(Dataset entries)
--------

lemma partial_sum_step_le:
  assumes s: "0 < s" "s \<le> 1" and n: "1 \<le> n" "k < n" and \<tau>: "0 < \<tau>" "\<tau> \<le> 1" and r: "0 < r"
  defines "h \<equiv> s / real n"
  shows "\<bar>E (\<lambda>w. \<phi> (x + h powr (1 / \<alpha>) *\<^sub>R (\<Sum>i<Suc k. Z i w)))
      - E (\<lambda>w. \<phi> (x + h powr (1 / \<alpha>) *\<^sub>R (\<Sum>i<k. Z i w))) - h * G x\<bar>
    \<le> h * (l h + freeze_error s \<tau> r)"
proof -
  have h: "0 < h" "h \<le> 1"
    unfolding h_def using s n by (auto simp: divide_le_eq)
  define c where "c = h powr (1 / \<alpha>)"
  define S where "S w = c *\<^sub>R (\<Sum>i<k. Z i w)" for w
  define T where "T = transition c \<phi>"
  define C where "C = l h + 2 * l \<tau> + 4 * B * r / \<tau>"
  define K where "K = 2 * B + l 1"
  have X: "(\<lambda>w. \<phi> (x + S w)) \<in> H" and TX: "(\<lambda>w. T (x + S w)) \<in> H"
    unfolding S_def T_def using partial_sum_in_H bl_fun_phi bl_fun_transition by auto
  have D: "(\<lambda>w. T (x + S w) - \<phi> (x + S w)) \<in> H"
    using H_add[OF TX H_scale[OF X, of "-1"]] by simp
  have tail: "(\<lambda>w. tail_cutoff r (S w)) \<in> H"
    using partial_sum_in_H[OF bl_fun_tail_cutoff[OF r], of 0 c k] unfolding S_def by simp
  have R: "(\<lambda>w. h * (2 * K * tail_cutoff r (S w) + C)) \<in> H"
    by (intro H_scale H_add_const tail)
  have "\<bar>E (\<lambda>w. \<phi> (x + S w) + (T (x + S w) - \<phi> (x + S w))) - E (\<lambda>w. \<phi> (x + S w)) - h * G x\<bar>
      \<le> E (\<lambda>w. h * (2 * K * tail_cutoff r (S w) + C))"
    using transition_increment_le[OF h \<tau> r]
    by (intro E_add_approx[OF X D R]) (simp add: T_def c_def K_def C_def)
  also have "\<dots> = h * (2 * K * E (\<lambda>w. tail_cutoff r (S w)) + C)"
    using h K_def B_nonneg l_nonneg[of 1]
    by (simp add: E_scale E_add_const H_scale tail R H_add_const)
  also have "\<dots> \<le> h * (2 * K * (M * (s powr (1 / \<alpha>) / r) powr \<delta>) + C)"
    using E_tail_cutoff_partial_sum_le[OF s(1) n(1) _ r, of k] n h B_nonneg l_nonneg[of 1]
    unfolding S_def c_def h_def K_def by (intro mult_left_mono add_right_mono) auto
  finally show ?thesis
    using E_partial_sum_Suc[OF bl_fun_phi, of x c k]
    unfolding S_def T_def c_def freeze_error_def C_def K_def by (simp add: algebra_simps)
qed

lemma E_partial_sum_error_le:
  assumes s: "0 < s" "s \<le> 1" and n: "1 \<le> n" and \<tau>: "0 < \<tau>" "\<tau> \<le> 1" and r: "0 < r"
  shows "\<bar>E (\<lambda>w. \<phi> (x + (s / real n) powr (1 / \<alpha>) *\<^sub>R (\<Sum>i<n. Z i w))) - \<phi> x - s * G x\<bar>
    \<le> s * (l (s / real n) + freeze_error s \<tau> r)"
proof -
  have "\<bar>E (\<lambda>w. \<phi> (x + (s / real n) powr (1 / \<alpha>) *\<^sub>R (\<Sum>i<n. Z i w)))
      - E (\<lambda>w. \<phi> (x + (s / real n) powr (1 / \<alpha>) *\<^sub>R (\<Sum>i<0. Z i w))) - real n * (s / real n * G x)\<bar>
    \<le> real n * (s / real n * (l (s / real n) + freeze_error s \<tau> r))"
    by (rule telescoping_abs_le) (rule partial_sum_step_le[OF s n _ \<tau> r])
  then show ?thesis
    using n by simp
qed

lemma limsup_error_le:
  assumes s: "0 < s" "s \<le> 1" and \<tau>: "0 < \<tau>" "\<tau> \<le> 1" and r: "0 < r"
  shows "limsup (\<lambda>n. ereal \<bar>E (\<lambda>w. \<phi> (x + (s / real n) powr (1 / \<alpha>) *\<^sub>R (\<Sum>i<n. Z i w)))
      - \<phi> x - s * G x\<bar>) \<le> ereal (s * freeze_error s \<tau> r)"
proof -
  have "filterlim (\<lambda>n. s / real n) (at_right 0) sequentially"
    unfolding filterlim_at using s
    by (auto intro!: lim_const_over_n eventually_sequentiallyI[of 1])
  then have "(\<lambda>n. l (s / real n)) \<longlonglongrightarrow> 0"
    by (rule filterlim_compose[OF l_tendsto])
  then have bound_lim: "(\<lambda>n. ereal (s * (l (s / real n) + freeze_error s \<tau> r)))
      \<longlonglongrightarrow> ereal (s * (0 + freeze_error s \<tau> r))"
    by (intro tendsto_intros)
  have "limsup (\<lambda>n. ereal \<bar>E (\<lambda>w. \<phi> (x + (s / real n) powr (1 / \<alpha>) *\<^sub>R (\<Sum>i<n. Z i w)))
      - \<phi> x - s * G x\<bar>) \<le> limsup (\<lambda>n. ereal (s * (l (s / real n) + freeze_error s \<tau> r)))"
    using E_partial_sum_error_le[OF s _ \<tau> r]
    by (intro Limsup_mono eventually_sequentiallyI[of 1]) simp
  also have "\<dots> = ereal (s * freeze_error s \<tau> r)"
    using lim_imp_Limsup[OF _ bound_lim] by simp
  finally show ?thesis .
qed

text \<open>The choice \<open>\<tau> = s\<^sup>a\<close>, \<open>r = s\<^sup>2\<^sup>a\<close> with \<open>a = 1/(4\<alpha>)\<close> makes every term of
  \<open>freeze_error\<close> vanish as \<open>s \<rightarrow> 0\<close>: \<open>r/\<tau> = s\<^sup>a\<close> and \<open>s\<^sup>1\<^sup>/\<^sup>\<alpha>/r = s\<^sup>2\<^sup>a\<close>.\<close>
lemma error_little_o:
  "\<exists>\<rho>. ((\<lambda>s. \<rho> s / s) \<longlongrightarrow> 0) (at_right 0) \<and>
    (\<forall>s\<in>{0..1}. \<forall>x. limsup (\<lambda>n. ereal \<bar>E (\<lambda>w. \<phi> (x + (s / real n) powr (1 / \<alpha>) *\<^sub>R (\<Sum>i<n. Z i w)))
      - \<phi> x - s * G x\<bar>) \<le> ereal (\<rho> s))"
proof (intro exI conjI ballI allI)
  define a where "a = 1 / (4 * \<alpha>)"
  have a: "0 < a"
    unfolding a_def using alpha_pos by simp
  define \<rho> where "\<rho> s = s * freeze_error s (s powr a) (s powr (2 * a))" for s
  have \<rho>_eq: "\<rho> s / s = 2 * l (s powr a) + 4 * B * s powr a + 2 * (2 * B + l 1) * M * (s powr (2 * a)) powr \<delta>"
    if "0 < s" for s
  proof -
    have "s powr (2 * a) / s powr a = s powr a" and "s powr (1 / \<alpha>) / s powr (2 * a) = s powr (2 * a)"
      using that alpha_pos by (simp_all add: a_def flip: powr_diff)
    moreover have "\<rho> s / s = 2 * l (s powr a) + 4 * B * (s powr (2 * a) / s powr a)
        + 2 * (2 * B + l 1) * M * (s powr (1 / \<alpha>) / s powr (2 * a)) powr \<delta>"
      unfolding \<rho>_def freeze_error_def using that by simp
    ultimately show ?thesis
      by simp
  qed
  have "\<forall>\<^sub>F s in at_right 0. 2 * l (s powr a) + 4 * B * s powr a + 2 * (2 * B + l 1) * M * (s powr (2 * a)) powr \<delta>
      = \<rho> s / s"
    using eventually_at_right_less[of "0::real"] by eventually_elim (simp add: \<rho>_eq)
  moreover have "((\<lambda>s. 2 * l (s powr a) + 4 * B * s powr a + 2 * (2 * B + l 1) * M * (s powr (2 * a)) powr \<delta>)
      \<longlongrightarrow> 2 * 0 + 4 * B * 0 + 2 * (2 * B + l 1) * M * 0) (at_right 0)"
    using filterlim_compose[OF l_tendsto filterlim_powr_at_right_0[OF a]]
      filterlim_powr_at_right_0[OF a] filterlim_powr_at_right_0[of "2 * a * \<delta>"] a delta_pos
    by (intro tendsto_intros) (auto simp: filterlim_at powr_powr)
  ultimately show "((\<lambda>s. \<rho> s / s) \<longlongrightarrow> 0) (at_right 0)"
    by (simp add: tendsto_cong)
  fix s :: real and x :: 'd
  assume "s \<in> {0..1}"
  then consider "s = 0" | "0 < s" "s \<le> 1"
    by (cases "s = 0") auto
  then show "limsup (\<lambda>n. ereal \<bar>E (\<lambda>w. \<phi> (x + (s / real n) powr (1 / \<alpha>) *\<^sub>R (\<Sum>i<n. Z i w)))
      - \<phi> x - s * G x\<bar>) \<le> ereal (\<rho> s)"
  proof cases
    case 1
    then show ?thesis
      by (simp add: \<rho>_def Limsup_const)
  next
    case 2
    then show ?thesis
      unfolding \<rho>_def using a by (intro limsup_error_le) (auto intro: powr_le1)
  qed
qed

end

--------

Write out exactly, and only, each line from the one with "using filterlim_compose[OF l_tendsto" down to the last line of the records above.

    using filterlim_compose[OF l_tendsto filterlim_powr_at_right_0[OF a]]
      filterlim_powr_at_right_0[OF a] filterlim_powr_at_right_0[of "2 * a * \<delta>"] a delta_pos
    by (intro tendsto_intros) (auto simp: filterlim_at powr_powr)
  ultimately show "((\<lambda>s. \<rho> s / s) \<longlongrightarrow> 0) (at_right 0)"
    by (simp add: tendsto_cong)
  fix s :: real and x :: 'd
  assume "s \<in> {0..1}"
  then consider "s = 0" | "0 < s" "s \<le> 1"
    by (cases "s = 0") auto
  then show "limsup (\<lambda>n. ereal \<bar>E (\<lambda>w. \<phi> (x + (s / real n) powr (1 / \<alpha>) *\<^sub>R (\<Sum>i<n. Z i w)))
      - \<phi> x - s * G x\<bar>) \<le> ereal (\<rho> s)"
  proof cases
    case 1
    then show ?thesis
      by (simp add: \<rho>_def Limsup_const)
  next
    case 2
    then show ?thesis
      unfolding \<rho>_def using a by (intro limsup_error_le) (auto intro: powr_le1)
  qed
qed

end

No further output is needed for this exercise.